A variety of data packages get dropped in my lap from time to time, an excerpt from the latest:

First, we got the existing home sales data for February and they edged down again, by 0.6% MoM, and “no” — it was not due to the blizzards (sales actually rose in the Northeast and Midwest). Also keep in mind that these are closings — so no reason why they should have been impacted by the weather at all.
This is a new downward trend in sales turnover because it was the third decline in a row and we are now all the way back to the depressed levels of June 2009, at just over five million units annualized. Without the tax credits, which expire at the end of April (we shall see about that — Arnold is already moving to extend the goodies in the Golden State) we would have seen an even weaker figure because first-time homebuyers made up 42% of the sales tally last month. Repeat buyers are hibernating, comprising 39% of the sales pace, down from 43% in January.
What was truly disturbing were the inventory data — listings up almost 10% to their highest level since last September — taking the backlog to a six-month high of 8.6 months’ supply (from 7.8 in January), which is materially above the 5-6 months that generally characterizes a balanced market.
We are back to a classic buyers’ market, which means that we are in for another round of residential real estate price deflation. Indeed, average resale prices dropped 0.8% last month and are down in seven of the past eight months — the Case-Shiller home price index is probably not too far behind (recall that the FHFA house price index has declined in each of the past two months).

The bottom line is that the U.S. housing market is still in a mess fully three years after the collapse. If government policies worked, then it is hardly evident — perhaps at best cushioning the blow but not preventing it from happening. Consider the following:
  1. The slide in housing has shaved $7 trillion from national residential real estate wealth since the third quarter of 2006.
  2. There are an estimated 5 million Americans still in the foreclosure process.
  3. There are still 11.3 million homeowners who are “upside down” on their mortgage. The average “under water” mortgage borrower is in the hole to the tune of $70,700 (see front page article of the USA Today) in Q4, up from $69,700 in Q3.
  4. The unsold housing inventory, when accurately measured, is close to 21 months’ supply. There are over 18 million residential housing units sitting empty right now across the country, and the areas under the most severe pressure are Nevada, Arizona, Florida, Michigan and California (“only” 25% of the country).
We are not the only ones who see the prospect of another leg down in home prices.
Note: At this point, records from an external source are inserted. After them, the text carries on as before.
definition Lam :: "real \<Rightarrow> real \<Rightarrow> real \<times> real \<Rightarrow> real" where
  "Lam p q tau = ln (\<integral>y. exp (fst tau * \<bar>y\<bar> powr q + snd tau * \<bar>y\<bar> powr p) * fp p y \<partial>lborel)"

text \<open>D_p = R x (-infinity, 1/p), the set where Lambda_p is finite.\<close>
definition Dp :: "real \<Rightarrow> (real \<times> real) set" where
  "Dp p = UNIV \<times> {..<1/p}"

text \<open>Legendre transform. Outside D_p, Lambda_p = +infinity, so those tau contribute -infinity
  to the supremum; hence the supremum can be taken over D_p. The value may be +infinity.\<close>
definition LamStar :: "real \<Rightarrow> real \<Rightarrow> real \<times> real \<Rightarrow> ereal" where
  "LamStar p q x = (SUP tau \<in> Dp p. ereal (inner x tau - Lam p q tau))"

definition Jp :: "real \<Rightarrow> real \<Rightarrow> (real \<times> real) set" where
  "Jp p q = {x. \<exists>tau \<in> Dp p. (Lam p q has_derivative (\<lambda>h. inner x h)) (at tau)}"

end

theory Submission
  imports Defs "HOL-Probability.Distributions"
begin

(* Substituting y -> (1 - p tau_2)^(-1/p) y in the integral defining Lambda_p shows that the
   affine bijection (tau_1, tau_2) -> (tau_1 s^(q/p), (1 - (1 - p tau_2) s)/p) of D_p shifts
   Lambda_p by -(ln s)/p. Reindexing the supremum by this map gives, for every s > 0,
     Lambda_p^*(w s^(q/p), s) = Lambda_p^*(w, 1) + (s - 1 - ln s)/p.
   The constraint set is exactly {(z^q s^(q/p), s) : s > 0}, and s - 1 - ln s > 0 unless s = 1.
   Finally Lambda_p^* is finite at z^*: Lambda_p is convex (Hoelder), so a point where its gradient
   is z^* maximizes <z^*, tau> - Lambda_p(tau). *)

lemma INF_eq_and_argmin_eq_singleton:
  fixes f :: "'a \<Rightarrow> 'b::complete_linorder"
  assumes "x0 \<in> S" and "\<And>x. x \<in> S \<Longrightarrow> x \<noteq> x0 \<Longrightarrow> f x0 < f x"
  shows "(INF x\<in>S. f x) = f x0 \<and> {x \<in> S. f x = (INF y\<in>S. f y)} = {x0}"
proof -
  have "(INF x\<in>S. f x) = f x0"
    using assms by (intro antisym INF_lower INF_greatest) (auto intro: order.strict_implies_order)
  with assms show ?thesis by force
qed

lemma convex_on_above_tangent:
  fixes f :: "'a::real_normed_vector \<Rightarrow> real"
  assumes conv: "convex_on C f" and "open C" "x \<in> C" "y \<in> C"
    and der: "(f has_derivative f') (at x)"
  shows "f x + f' (y - x) \<le> f y"
proof -
  define l where "l = (\<lambda>t::real. x + t *\<^sub>R (y - x))"
  define A where "A = l -` C"
  have l_comb: "l ((1 - t) * a + t * b) = (1 - t) *\<^sub>R l a + t *\<^sub>R l b" for t a b
    by (simp add: l_def algebra_simps)
  have "convex C" using conv by (rule convex_on_imp_convex)
  then have "convex A"
    unfolding A_def convex_alt by (simp add: l_comb convexD_alt)
  have "open A"
    unfolding A_def l_def using \<open>open C\<close> by (intro continuous_open_vimage) (auto intro!: continuous_intros)
  have "convex_on A (f \<circ> l)"
  proof (rule convex_onI[OF _ \<open>convex A\<close>])
    fix t a b :: real assume "0 < t" "t < 1" "a \<in> A" "b \<in> A"
    then show "(f \<circ> l) ((1 - t) *\<^sub>R a + t *\<^sub>R b) \<le> (1 - t) * (f \<circ> l) a + t * (f \<circ> l) b"
      using convex_onD[OF conv, of t "l a" "l b"] by (simp add: A_def l_comb)
  qed
  have "(l has_derivative (\<lambda>h. h *\<^sub>R (y - x))) (at 0)"
    unfolding l_def by (auto intro!: derivative_eq_intros)
  with der have "(f \<circ> l has_derivative (\<lambda>h. f' (h *\<^sub>R (y - x)))) (at 0)"
    using diff_chain_at[of l _ 0 f f'] by (simp add: l_def o_def)
  moreover have "(\<lambda>h. f' (h *\<^sub>R (y - x))) = (*) (f' (y - x))"
  proof -
    interpret linear f' using has_derivative_linear[OF der] .
    show ?thesis by (auto simp: fun_eq_iff scale)
  qed
  ultimately have "(f \<circ> l has_field_derivative f' (y - x)) (at 0)"
    unfolding has_field_derivative_def by metis
  then have "(f \<circ> l has_field_derivative f' (y - x)) (at 0 within A)"
    by (rule has_field_derivative_at_within)
  moreover have "0 \<in> interior A" "1 \<in> A"
    using assms \<open>open A\<close> by (simp_all add: A_def l_def interior_open)
  ultimately have "f' (y - x) * (1 - 0) \<le> (f \<circ> l) 1 - (f \<circ> l) 0"
    using convex_on_imp_above_tangent[OF \<open>convex_on A (f \<circ> l)\<close> convex_connected[OF \<open>convex A\<close>]]
    by blast
  then show ?thesis by (simp add: l_def)
qed

lemma integral_pos_of_pos:
  fixes f :: "'a \<Rightarrow> real"
  assumes "integrable M f" "\<And>x. x \<in> space M \<Longrightarrow> 0 < f x" "emeasure M (space M) \<noteq> 0"
  shows "0 < integral\<^sup>L M f"
proof -
  have "0 \<le> integral\<^sup>L M f" using assms by (intro integral_nonneg_AE) (auto intro: less_imp_le)
  moreover have "integral\<^sup>L M f \<noteq> 0"
  proof
    assume "integral\<^sup>L M f = 0"
    then have "AE x in M. f x = 0"
      using integral_nonneg_eq_0_iff_AE[OF assms(1)] assms(2) by (auto intro: less_imp_le)
    then have "AE x in M. False"
      using assms(2) by (auto elim: AE_mp intro: AE_I2 simp: less_le)
    then show False using assms(3) by (simp add: eventually_False ae_filter_eq_bot_iff)
  qed
  ultimately show ?thesis by simp
qed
The banks seem to have given up any hope that we would see a rebound at any time on the horizon, which explains for example why it is that BoA is now more fully engaged in principal writedowns and expect to see other lenders follow suit. It is the right thing to do. It will speed up the process of price discovery at the expense of revealing just how much more downward price pressure there is going to be in the market for residential real estate.
Never before have new home sales gone on to make a new cycle low after a recession ends — until now. In fact, in practically every other cycle, housing is the first sector to bottom and lead the economy out of the downturn. This time around, it has been the federal government — bailouts and repeated stimulus — and a production bounce as inventories get realigned with a sales environment that may be weak but never went into the abyss.
That said, without the traditional credit-sensitive sectors leading the economy into the upturn, as has traditionally been the case, then it is hard to believe we are going to see a sustainable recovery. Already we are seeing capital spending slowdown as companies opt for cash and liquidity as opposed to new investments and the export story is going to grow old very soon with Europe moving back into recession and equity markets in Asia pointing to a moderation in growth there as well. Not to mention what the stronger U.S. dollar is going to do in terms of a competitive roadblock for U.S. producers.
The full kit here: March 25 data pack
Like today’s Yahoo story that echoed the same ideas, the view from the ivory tower is ominous – but on the ground the market is hot as a pistol!